14                Taxation

To a large extent the 2010 Budget delivered on 24 March 2010 is a holding operation, as following the election it is clear that, whichever government is returned, taxes will have to rise and public expenditure will have to be cut, to deal with the poor public finances following the financial crisis.  It was, however, confirmed that the income tax rates for 2010/11 will be 20% on the first £37,400 of taxable income, 40% on income between £37,400 and £150,000 and a new additional rate of 50% on income above £150,000.  The personal allowance level is set to remain frozen at £6,475.  From tax year 2011/12 tax relief on pension contributions will be restricted for those taxpayers who have gross income of £150,000 and over.  Both these measures against higher earners would be retained by the Conservatives.  From midnight on 24 March 2010, the threshold for stamp duty to apply is increased from £125,000 to £250,000, but only for first time buyers.  Stamp duty will be increased on properties sold for more than £1,000,000 to 5% from the current 4% rate from 1 April 2011.  The main rate of corporation tax applying to companies with profits of more than £1.5 million remains at 28% for the financial year commencing on 1 April 2010.  The small companies corporation tax rate for companies with profits up to £300,000 of profits will increase to 22% with effect from 1 April 2011.  The threshold for a lower effective rate of capital gains tax at 10% for those who are entitled to claim entrepreneurs’ relief has been doubled from £1,000,000 to £2,000,000 of gains.  The current government intends that, with effect from 6 April 2011, the National Insurance rates, for both employee and employer Class 1 National Insurance contributions and Class 4 National Insurance contributions for the self employed, will be increased by 0.5% as previously announced, but the Conservatives would reverse this.  The standard rate of VAT reverted to 17.5% from 15% on 1 January 2010.  The compulsory VAT registration limit will increase to £70,000 from 1 April 2010.

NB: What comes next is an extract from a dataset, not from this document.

(* Let $G$ be a finite interdependent game and consider the unperturbed process $P^0$ on the state space $X=\prod_{i\in N}(S_i\times\{C,D\})$ described in the context. A state $x=(x_1,\dots,x_n)\in X$ belongs to a recurrent class of $P^0$ if and only if either (Form 1) $x_i=[s_i^b,C]$ for every $i\in N$ (with $s_i^b\in S_i$), in which case the singleton $\{x\}$ is a recurrent class (the set of such states is denoted $C^0$); or (Form 2) $x_i=[s_i^b,D]$ for every $i\in N$, and all states of this form together constitute a single recurrent class, denoted $D^0$.
   Context: Game: agents $N=\{1,\dots,n\}$, finite action sets $\mathcal{A}_i$, $\mathcal{A}=\prod_i\mathcal{A}_i$, utilities $U_i:\mathcal{A}\to[0,1]$. Interdependent: for every $a\in\mathcal{A}$ and proper subset $J\subsetneq N$ there exist $i\notin J$ and $a'_J\in\prod_{j\in J}\mathcal{A}_j$ with $U_i(a'_J,a_{-J})\neq U_i(a_J,a_{-J})$. Strategies: for a fixed integer $\Omega\ge1$, $S_i=\bigcup_{\omega=1}^\Omega\mathcal{A}_i^\omega$; $s_i=(a_i^1,\dots,a_i^\omega)$ is the map $[0,1]\to\mathcal{A}_i$ sending $z\in[(k-1)/\omega,k/\omega)$ to $a_i^k$ ($k<\omega$) and $z\in[(\omega-1)/\omega,1]$ to $a_i^\omega$. For $s\in S=\prod_iS_i$, $q^a(s)=\int_0^1\prod_i I\{s_i(z)=a_i\}dz$ and $U_i(s):=\sum_a U_i(a)q^a(s)$. Learning process (states observed once per period): each agent has state $x_i=[s_i^b,m_i]$, $m_i\in\{C,D\}$. In a period, all play baseline $s^b$ (evaluation), then trial strategies $s^t$, then acceptance strategies $s^a$, with phase utilities $u_i^b,u_i^t,u_i^a$. The unperturbed process $P^0$ is the version in which: every phase utility equals the exact expected utility of the joint strategy played in that phase ($u_i^b=U_i(s^b)$, $u_i^t=U_i(s^t)$, $u_i^a=U_i(s^a)$); a content agent always chooses $s_i^t=s_i^b$; a discontent agent chooses $s_i^t$ uniformly at random from $S_i$, independently of others; a content agent's acceptance strategy is $s_i^a=s_i^t$ if $u_i^t>u_i^b$ and $s_i^b$ otherwise (so here $s_i^a=s_i^b$); a discontent agent uses $s_i^a=s_i^t$. State update: a content agent that did not experiment keeps $[s_i^b,C]$ if $u_i^a\ge u_i^b$ and becomes $[s_i^b,D]$ if $u_i^a<u_i^b$; a discontent agent moves to $[s_i^a,D]$ (it never becomes content). *)

theory Defs
  imports "HOL-Analysis.Analysis"
begin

15                The Supreme Court

The coming into force of the Constitutional Reform Act 2005 on 1 October 2009 has attracted much attention due to the controversial nature of the developments it implements, including the creation of a new Supreme Court (“SC”).  Although the transfer of the Lords of Appeal in Ordinary from the Palace of Westminster to Middlesex Guildhall appears to be symbolic in completing a separation of powers, the SC does differentiate itself from the House of Lords (“HOL”) in certain important respects.  It has been a concern for many years that the legislative functions of the HOL and the role of the Judicial Committee of the HOL, are not apparent to the public.  Therefore creating a separate entity, with a distinct name and role, would be a first step in reasserting the importance of separating the executive, the legislature and the judiciary.  The SC’s jurisdiction is more extensive than that of the Appellate Committee of the HOL.  Even though it has been said that, in practice, members of the HOL, who were also Lords of Appeal in Ordinary, rarely took part in debates of a political nature when they shared premises with the legislative branch of power, the creation of the SC marks what some have referred to as a milestone in constitutional history.  Some commentators even believe that, as a result of mission creep, this will lead to a judicial attitude similar to that of the justices of the US Supreme Court, willing, and perhaps even eager, to make law rather than merely interpret law passed by Parliament.